If she's one of your weight management customers also, she might be serious. She might be going through a dry spell. =)
Me and GF today (in spanglish) over MSN: her: hey babee me: hey hey her: what's up? me: nothing, just finish Christmas shopping... me: tiringg.. (tired smiley) her: aww.. q me compraste? me: hah nada todavia. her: (mad smiley) wtf.. me: I'll buy it on friday if you answer my question. her: ok, what? me: when you gone let me tap DAT. her: wow your sucha loser. me: i'm serious, (her name) her: ok than lol, whenever you get me in the mood. me: mission, accomplished. Thanks now she's been bothering me about her present.
Me: hmm so when are you going to let me tap that? Her: LOL WHAAAT Me: yeeeeeah, so when???!?!? Her: hahahahahahahahhahaha wtffff this is so not (my name)!! Me: of course it is im guessing by your silence you mean friday night. yes? okay. Her: HAHAHAHAHAH. oh shiiiit
How ugly do most of these girls look. The language they use is... not conducive to a beautiful woman. "negatory" "hahahahahahahahahahhaah"
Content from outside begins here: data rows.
theorem corollary4p9:
  fixes n :: nat
  assumes "n \<ge> 3"
  defines "m \<equiv> (of_nat n :: complex)"
      and "r \<equiv> complex_of_real (sqrt 2)"
      and "Spec \<equiv> sombor_spectrum (dihedral_group n) (dihedral_vertices n)"
  shows
   "(odd n \<longrightarrow>
      Spec = replicate_mset (n - 2) (- (m - 1) * r) + replicate_mset (n - 1) (- m * r)
        + proots ([:0, 1:] * lin ((m - 1) * (m - 2) * r) * lin (m * (m - 1) * r)
            - Polynomial.smult ((m - 1) * (5 * m^2 - 6 * m + 2)) (lin (m * (m - 1) * r))
            - Polynomial.smult (m * (5 * m^2 - 4 * m + 1)) (lin ((m - 1) * (m - 2) * r)))) \<and>
    (even n \<and> odd (n div 2) \<longrightarrow>
      Spec = replicate_mset (n - 1) (- (m + 1) * r) + replicate_mset (n - 3) (- (m - 1) * r)
        + {# - (2 * m - 1) * r #}
        + proots (lin ((2 * m - 1) * r) * lin ((m - 1) * (m + 1) * r) * lin ((m - 1) * (m - 3) * r)
            - Polynomial.smult (2 * (m - 2) * (5 * m^2 - 6 * m + 2)) (lin ((m - 1) * (m + 1) * r))
            - Polynomial.smult (2 * m * (5 * m^2 - 2 * m + 2)) (lin ((m - 1) * (m - 3) * r)))) \<and>
    (4 dvd n \<longrightarrow>
      Spec = replicate_mset (n - 2) (- (m / 2 + 1) * r) + replicate_mset (n - 3) (- (m - 1) * r)
        + {# - (2 * m - 1) * r #}
        + proots (lin ((2 * m - 1) * r) * lin ((m - 1) * (m - 3) * r) * lin ((m / 2 - 1) * (m / 2 + 1) * r) ^ 2
            - Polynomial.smult (2 * (m - 2) * (5 * m^2 - 6 * m + 2)) (lin ((m / 2 - 1) * (m / 2 + 1) * r) ^ 2)
            - Polynomial.smult (2 * m * ((2 * m - 1)^2 + (m / 2 + 1)^2))
                (lin ((m - 3) * (m - 1) * r) * lin ((m / 2 - 1) * (m / 2 + 1) * r))))"
  using sombor_spectrum_dihedral_odd[OF assms(1)] sombor_spectrum_dihedral_2_mod_4[OF assms(1)]
    sombor_spectrum_dihedral_4_dvd[OF assms(1)]
  unfolding Spec_def m_def r_def by blast

end
lemma straight_divide_mem_localization:
  assumes P: "prime_ideal P" and straight: "straight P" and M: "prime_ideal M" and "P \<subseteq> M"
    and p: "p \<in> P" and s: "s \<notin> P"
  shows "emb p / emb s \<in> localization M"
proof -
  define R where "R = localization M"
  interpret jacobson_ideal R "ext_ideal P R"
    unfolding R_def using jacobson_ideal_localization[OF prime_ideal_is_ideal[OF P] M \<open>P \<subseteq> M\<close>] .
  have R: "overring R"
    unfolding R_def using overring_localization[OF M] .
  have s_nonzero: "emb s \<noteq> 0"
    using prime_ideal_nonzero[OF P s] by (simp add: emb_eq_0_iff)
  define y where "y = emb p / emb s"
  have "y \<in> R" if "p \<noteq> 0"
  proof (rule mem_if_mem_adjoin_and_one_mem_adjoin_inverse)
    show "y \<noteq> 0"
      using that s_nonzero by (simp add: y_def emb_eq_0_iff)
    have "emb s * y = emb p * 1"
      using s_nonzero by (simp add: y_def)
    moreover have "emb p * 1 \<in> ext_ideal P (adjoin R y)"
      using p subring_zero[OF subring] subring_one[OF subring]
      by (intro emb_mult_mem_ext_ideal const_mem_adjoin)
    ultimately show "y \<in> adjoin (ext_ideal P R) y"
      using straight_adjoin[OF straight R s] subring_zero[OF subring] subring_one[OF subring]
      by (simp add: var_mem_adjoin)
    have "emb s * 1 = emb p * inverse y"
      using that s_nonzero by (simp add: y_def emb_eq_0_iff)
    moreover have "emb p * inverse y \<in> ext_ideal P (adjoin R (inverse y))"
      using p subring_zero[OF subring] subring_one[OF subring]
      by (intro emb_mult_mem_ext_ideal var_mem_adjoin)
    ultimately show "1 \<in> adjoin (ext_ideal P R) (inverse y)"
      using straight_adjoin[OF straight R s] subring_zero[OF subring] subring_one[OF subring]
      by (simp add: const_mem_adjoin)
  qed
  moreover have "y \<in> R" if "p = 0"
    using that subring_zero[OF subring] by (simp add: y_def)
  ultimately show ?thesis
    unfolding R_def y_def by blast
qed

lemma straight_imp_locally_divided:
  assumes P: "prime_ideal P" and straight: "straight P"
  shows "locally_divided P"
  unfolding locally_divided_def
proof (intro allI impI)
  fix M assume "maximal_ideal M \<and> P \<subseteq> M"
  then have M: "prime_ideal M" and "P \<subseteq> M"
    by (simp_all add: maximal_ideal_imp_prime)
  show "ext_ideal P (localization M) = ext_ideal P (localization P)"
  proof
    show "ext_ideal P (localization M) \<subseteq> ext_ideal P (localization P)"
      using \<open>P \<subseteq> M\<close> by (intro ext_ideal_mono localization_antimono)
    show "ext_ideal P (localization P) \<subseteq> ext_ideal P (localization M)"
      unfolding ext_ideal_localization[OF prime_ideal_is_ideal[OF P] P]
      using straight_divide_mem_localization[OF P straight M \<open>P \<subseteq> M\<close>]
        divide_mem_ext_ideal_localization[OF P M] by blast
  qed
qed

lemma ext_ideal_divide_clear_denominator:
  assumes P: "prime_ideal P" and M: "prime_ideal M"
    and divided: "ext_ideal P (localization M) = ext_ideal P (localization P)"
    and B: "overring B" and a: "a \<notin> P" and w: "w \<in> ext_ideal P B"
  shows "\<exists>t. t \<notin> M \<and> emb t * (w / emb a) \<in> ext_ideal P B"
  using w
proof (induction w rule: ext_ideal_induct)
  case zero
  show ?case
    using prime_ideal_one[OF M] ext_ideal_zero by auto
next
  case (gen q d)
  have "emb q / emb a \<in> ext_ideal P (localization M)"
    unfolding divided ext_ideal_localization[OF prime_ideal_is_ideal[OF P] P] using gen(1) a by blast
  then obtain q' t where q't: "emb q / emb a = emb q' / emb t" "q' \<in> P" "t \<notin> M"
    unfolding ext_ideal_localization[OF prime_ideal_is_ideal[OF P] M] by blast
  have "emb t * (emb q * d / emb a) = emb t * (emb q / emb a) * d"
    by simp
  also have "\<dots> = emb q' * d"
    using q't(1) prime_ideal_nonzero[OF M q't(3)] by (simp add: emb_eq_0_iff)
  finally show ?case
    using q't(3) emb_mult_mem_ext_ideal[OF q't(2) gen(2)] by (intro exI[of _ t]) simp
next
  case (add x y)
  then obtain t t' where t: "t \<notin> M" "emb t * (x / emb a) \<in> ext_ideal P B"
    and t': "t' \<notin> M" "emb t' * (y / emb a) \<in> ext_ideal P B"
    by blast
  have subring: "subring B" and "emb t \<in> B" "emb t' \<in> B"
    using B by (simp_all add: overring_iff overring_emb)
  have "emb (t * t') * ((x + y) / emb a) = emb t' * (emb t * (x / emb a)) + emb t * (emb t' * (y / emb a))"
    by (simp add: emb_mult add_divide_distrib algebra_simps)
  also have "\<dots> \<in> ext_ideal P B"
    using ext_ideal_mult[OF subring \<open>emb t' \<in> B\<close> t(2)] ext_ideal_mult[OF subring \<open>emb t \<in> B\<close> t'(2)]
    by (rule ext_ideal_add)
  finally show ?case
    using prime_ideal_mult[OF M t(1) t'(1)] by blast
qed
(* Let $(Q,\cdot)$ be a quasigroup. Then: (1) if $Q$ satisfies $x(y(zy))=(x(yz))y$ for all $x,y,z$ (LG3-quasigroup), then $Q$ is a right loop; (2) if $Q$ satisfies $(xx)(yz)=((xx)y)z$ for all $x,y,z$ (LNQ-quasigroup), then $Q$ is a left loop; (3) if $Q$ satisfies $x(y(yz))=(x(yy))z$ for all $x,y,z$ (LC4-quasigroup), then $Q$ is a right loop; (4) if $Q$ satisfies $x(y(xz))=(x(yx))z$ for all $x,y,z$ (left Bol quasigroup), then $Q$ is a right loop; (5) if $Q$ satisfies $x(xy)=(xx)y$ for all $x,y$ (left alternative quasigroup), then $Q$ is a left loop.
   Context: A quasigroup is a set $Q$ with a binary operation $\cdot$ (written as juxtaposition) such that for all $a,b\in Q$ each of the equations $ax=b$ and $ya=b$ has a unique solution in $Q$. A quasigroup $Q$ is a left loop if there is $e\in Q$ with $ea=a$ for all $a\in Q$, and a right loop if there is $e\in Q$ with $ae=a$ for all $a\in Q$. *)

theory Defs
  imports Main
begin

definition quasigroup :: "'a set \<Rightarrow> ('a \<Rightarrow> 'a \<Rightarrow> 'a) \<Rightarrow> bool" where
  "quasigroup Q m \<longleftrightarrow>
     (\<forall>a\<in>Q. \<forall>b\<in>Q. m a b \<in> Q) \<and>
     (\<forall>a\<in>Q. \<forall>b\<in>Q. \<exists>!x. x \<in> Q \<and> m a x = b) \<and>
     (\<forall>a\<in>Q. \<forall>b\<in>Q. \<exists>!y. y \<in> Q \<and> m y a = b)"

definition left_loop :: "'a set \<Rightarrow> ('a \<Rightarrow> 'a \<Rightarrow> 'a) \<Rightarrow> bool" where
  "left_loop Q m \<longleftrightarrow> quasigroup Q m \<and> (\<exists>e\<in>Q. \<forall>a\<in>Q. m e a = a)"

definition right_loop :: "'a set \<Rightarrow> ('a \<Rightarrow> 'a \<Rightarrow> 'a) \<Rightarrow> bool" where
  "right_loop Q m \<longleftrightarrow> quasigroup Q m \<and> (\<exists>e\<in>Q. \<forall>a\<in>Q. m a e = a)"

end

theory Submission
  imports Defs
begin

text \<open>In each case one solves a single equation to get a local identity, e.g. \<open>y e = y\<close>
  for some fixed \<open>y\<close>, and the defining law propagates it to all of \<open>Q\<close>: either by
  cancelling a common factor, or because every element can be written in a shape to which the
  law applies.\<close>

definition LG3 :: "'a set \<Rightarrow> ('a \<Rightarrow> 'a \<Rightarrow> 'a) \<Rightarrow> bool" where
  "LG3 Q m \<longleftrightarrow> (\<forall>x\<in>Q. \<forall>y\<in>Q. \<forall>z\<in>Q. m x (m y (m z y)) = m (m x (m y z)) y)"

definition LNQ :: "'a set \<Rightarrow> ('a \<Rightarrow> 'a \<Rightarrow> 'a) \<Rightarrow> bool" where
  "LNQ Q m \<longleftrightarrow> (\<forall>x\<in>Q. \<forall>y\<in>Q. \<forall>z\<in>Q. m (m x x) (m y z) = m (m (m x x) y) z)"

definition LC4 :: "'a set \<Rightarrow> ('a \<Rightarrow> 'a \<Rightarrow> 'a) \<Rightarrow> bool" where
  "LC4 Q m \<longleftrightarrow> (\<forall>x\<in>Q. \<forall>y\<in>Q. \<forall>z\<in>Q. m x (m y (m y z)) = m (m x (m y y)) z)"

definition left_Bol :: "'a set \<Rightarrow> ('a \<Rightarrow> 'a \<Rightarrow> 'a) \<Rightarrow> bool" where
  "left_Bol Q m \<longleftrightarrow> (\<forall>x\<in>Q. \<forall>y\<in>Q. \<forall>z\<in>Q. m x (m y (m x z)) = m (m x (m y x)) z)"

definition left_alternative :: "'a set \<Rightarrow> ('a \<Rightarrow> 'a \<Rightarrow> 'a) \<Rightarrow> bool" where
  "left_alternative Q m \<longleftrightarrow> (\<forall>x\<in>Q. \<forall>y\<in>Q. m x (m x y) = m (m x x) y)"

lemma quasigroup_closed:
  assumes "quasigroup Q m" "a \<in> Q" "b \<in> Q"
  shows "m a b \<in> Q"
  using assms unfolding quasigroup_def by blast

lemma quasigroup_left_division_unique:
  assumes "quasigroup Q m" "a \<in> Q" "b \<in> Q"
  shows "\<exists>!x. x \<in> Q \<and> m a x = b"
  using assms unfolding quasigroup_def by simp

lemma quasigroup_right_division_unique:
  assumes "quasigroup Q m" "a \<in> Q" "b \<in> Q"
  shows "\<exists>!y. y \<in> Q \<and> m y a = b"
  using assms unfolding quasigroup_def by simp

lemma quasigroup_left_division:
  assumes "quasigroup Q m" "a \<in> Q" "b \<in> Q"
  obtains x where "x \<in> Q" "m a x = b"
  using quasigroup_left_division_unique[OF assms] by blast

lemma quasigroup_right_division:
  assumes "quasigroup Q m" "a \<in> Q" "b \<in> Q"
  obtains y where "y \<in> Q" "m y a = b"
  using quasigroup_right_division_unique[OF assms] by blast

lemma quasigroup_left_cancel:
  assumes "quasigroup Q m" "a \<in> Q" "x \<in> Q" "y \<in> Q" "m a x = m a y"
  shows "x = y"
  using quasigroup_left_division_unique[OF assms(1,2) quasigroup_closed[OF assms(1,2,4)]] assms(3-5)
  by blast

lemma quasigroup_right_cancel:
  assumes "quasigroup Q m" "a \<in> Q" "x \<in> Q" "y \<in> Q" "m x a = m y a"
  shows "x = y"
  using quasigroup_right_division_unique[OF assms(1,2) quasigroup_closed[OF assms(1,4,2)]] assms(3-5)
  by blast

lemma left_loopI:
  assumes "quasigroup Q m" "e \<in> Q" "\<And>a. a \<in> Q \<Longrightarrow> m e a = a"
  shows "left_loop Q m"
  using assms unfolding left_loop_def by blast

lemma right_loopI:
  assumes "quasigroup Q m" "e \<in> Q" "\<And>a. a \<in> Q \<Longrightarrow> m a e = a"
  shows "right_loop Q m"
  using assms unfolding right_loop_def by blast

lemma LG3_right_loop:
  assumes qg: "quasigroup Q m" and "Q \<noteq> {}" and law: "LG3 Q m"
  shows "right_loop Q m"
proof -
  obtain y where y: "y \<in> Q" using \<open>Q \<noteq> {}\<close> by blast
  obtain t where t: "t \<in> Q" "m y t = y" using quasigroup_left_division[OF qg y y] .
  obtain z where z: "z \<in> Q" "m z y = t" using quasigroup_right_division[OF qg y t(1)] .
  have yz: "m y z \<in> Q" using quasigroup_closed[OF qg y z(1)] .
  show ?thesis
  proof (rule right_loopI[OF qg yz])
    fix x assume x: "x \<in> Q"
    have "m x y = m x (m y (m z y))" using z(2) t(2) by simp
    also have "\<dots> = m (m x (m y z)) y" using law x y z(1) unfolding LG3_def by blast
    finally show "m x (m y z) = x"
      using quasigroup_right_cancel[OF qg y] quasigroup_closed[OF qg x yz] x by metis
  qed
qed

lemma LNQ_left_loop:
  assumes qg: "quasigroup Q m" and "Q \<noteq> {}" and law: "LNQ Q m"
  shows "left_loop Q m"
proof -
  obtain y where y: "y \<in> Q" using \<open>Q \<noteq> {}\<close> by blast
  have yy: "m y y \<in> Q" using quasigroup_closed[OF qg y y] .
  obtain e where e: "e \<in> Q" "m (m y y) e = m y y" using quasigroup_left_division[OF qg yy yy] .
  show ?thesis
  proof (rule left_loopI[OF qg e(1)])
    fix w assume w: "w \<in> Q"
    have "m (m y y) (m e w) = m (m (m y y) e) w" using law y e(1) w unfolding LNQ_def by blast
    also have "\<dots> = m (m y y) w" using e(2) by simp
    finally show "m e w = w"
      using quasigroup_left_cancel[OF qg yy] quasigroup_closed[OF qg e(1) w] w by metis
  qed
qed

lemma LC4_right_loop:
  assumes qg: "quasigroup Q m" and "Q \<noteq> {}" and law: "LC4 Q m"
  shows "right_loop Q m"
proof -
  obtain y where y: "y \<in> Q" using \<open>Q \<noteq> {}\<close> by blast
  have yy: "m y y \<in> Q" using quasigroup_closed[OF qg y y] .
  obtain e where e: "e \<in> Q" "m y e = y" using quasigroup_left_division[OF qg y y] .
  show ?thesis
  proof (rule right_loopI[OF qg e(1)])
    fix w assume w: "w \<in> Q"
    obtain x where x: "x \<in> Q" "m x (m y y) = w" using quasigroup_right_division[OF qg yy w] .
    have "w = m x (m y (m y e))" using x(2) e(2) by simp
    also have "\<dots> = m (m x (m y y)) e" using law x(1) y e(1) unfolding LC4_def by blast
    finally show "m w e = w" using x(2) by simp
  qed
qed

lemma left_Bol_right_loop:
  assumes qg: "quasigroup Q m" and "Q \<noteq> {}" and law: "left_Bol Q m"
  shows "right_loop Q m"
proof -
  obtain y where y: "y \<in> Q" using \<open>Q \<noteq> {}\<close> by blast
  obtain e where e: "e \<in> Q" "m y e = y" using quasigroup_left_division[OF qg y y] .
  show ?thesis
  proof (rule right_loopI[OF qg e(1)])
    fix w assume w: "w \<in> Q"
    obtain u where u: "u \<in> Q" "m y u = w" using quasigroup_left_division[OF qg y w] .
    obtain v where v: "v \<in> Q" "m v y = u" using quasigroup_right_division[OF qg y u(1)] .
    have "w = m y (m v (m y e))" using u(2) v(2) e(2) by simp
    also have "\<dots> = m (m y (m v y)) e" using law y v(1) e(1) unfolding left_Bol_def by blast
    finally show "m w e = w" using u(2) v(2) by simp
  qed
qed

lemma left_alternative_left_loop:
  assumes qg: "quasigroup Q m" and "Q \<noteq> {}" and law: "left_alternative Q m"
  shows "left_loop Q m"
proof -
  obtain y where y: "y \<in> Q" using \<open>Q \<noteq> {}\<close> by blast
  obtain f where f: "f \<in> Q" "m f y = y" using quasigroup_right_division[OF qg y y] .
  have ff: "m f f \<in> Q" using quasigroup_closed[OF qg f(1) f(1)] .
  have "m (m f f) y = m f (m f y)" using law f(1) y unfolding left_alternative_def by metis
  also have "\<dots> = m f y" using f(2) by simp
  finally have idem: "m f f = f" using quasigroup_right_cancel[OF qg y ff f(1)] by blast
  show ?thesis
  proof (rule left_loopI[OF qg f(1)])
    fix w assume w: "w \<in> Q"
    have "m f (m f w) = m (m f f) w" using law f(1) w unfolding left_alternative_def by blast
    also have "\<dots> = m f w" using idem by simp
    finally show "m f w = w"
      using quasigroup_left_cancel[OF qg f(1)] quasigroup_closed[OF qg f(1) w] w by metis
  qed
qed

theorem mainTheorem4:
  fixes Q :: "'a set" and m :: "'a \<Rightarrow> 'a \<Rightarrow> 'a"
  assumes "quasigroup Q m" and "Q \<noteq> {}"
  shows "((\<forall>x\<in>Q. \<forall>y\<in>Q. \<forall>z\<in>Q. m x (m y (m z y)) = m (m x (m y z)) y) \<longrightarrow> right_loop Q m)
       \<and> ((\<forall>x\<in>Q. \<forall>y\<in>Q. \<forall>z\<in>Q. m (m x x) (m y z) = m (m (m x x) y) z) \<longrightarrow> left_loop Q m)
       \<and> ((\<forall>x\<in>Q. \<forall>y\<in>Q. \<forall>z\<in>Q. m x (m y (m y z)) = m (m x (m y y)) z) \<longrightarrow> right_loop Q m)
       \<and> ((\<forall>x\<in>Q. \<forall>y\<in>Q. \<forall>z\<in>Q. m x (m y (m x z)) = m (m x (m y x)) z) \<longrightarrow> right_loop Q m)
       \<and> ((\<forall>x\<in>Q. \<forall>y\<in>Q. m x (m x y) = m (m x x) y) \<longrightarrow> left_loop Q m)"
  using LG3_right_loop[OF assms] LNQ_left_loop[OF assms] LC4_right_loop[OF assms]
    left_Bol_right_loop[OF assms] left_alternative_left_loop[OF assms]
  unfolding LG3_def LNQ_def LC4_def left_Bol_def left_alternative_def
  by blast

end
Mac: So, when are you going to let me tap that? Rick: You're not ready. Mac: Great, So I'll see you on November 18th? Rick: No **** Awkward Pause **** Adrian W: Sources are telling me that Rick doesn't want Mac to tap that, ever. **** Awkward Pause **** Mac: I just want to know when you'll let me tap that. Rick: You need to practice more before you can tap that. Mac: Tell me when. Rick: Okay, you can tap Lebrons Azz on December 9th Mac: LMAO The internet made me do it.
I just texted this girl who likes me a lot right now Me: Hi Her: Morning sexy Me: I got a question Her: Sup Me: So when are you gonna let me tap dat? Her: If I let you, I don't want you to go Her: Don't tap and hit and run, tap and hit and stay Me: haha Her: Whats so funny Im being foreal Me: haha I don't stay, I only play Her: hahahah ass Her: Play is fine, don't play me wrong Me: I'll play with you in your thong Her: Wrestle with me on the bed instead Her: Why are you up so early? Me: Can't sleep, I think I need a blow job, willing to give me one? Her: hahaha Me: Are you going to swallow? Her: Only if i love you hahaha Me: Thought you loved me Her: Umm no Me: Ok bye Her: Why you saying bye Me: If you don't swallow, I dont follow Her: Your such a pain in the ass LOL
over/under on the average age of people who have actually texted this to somebody... 16 1/2. I'm taking the under.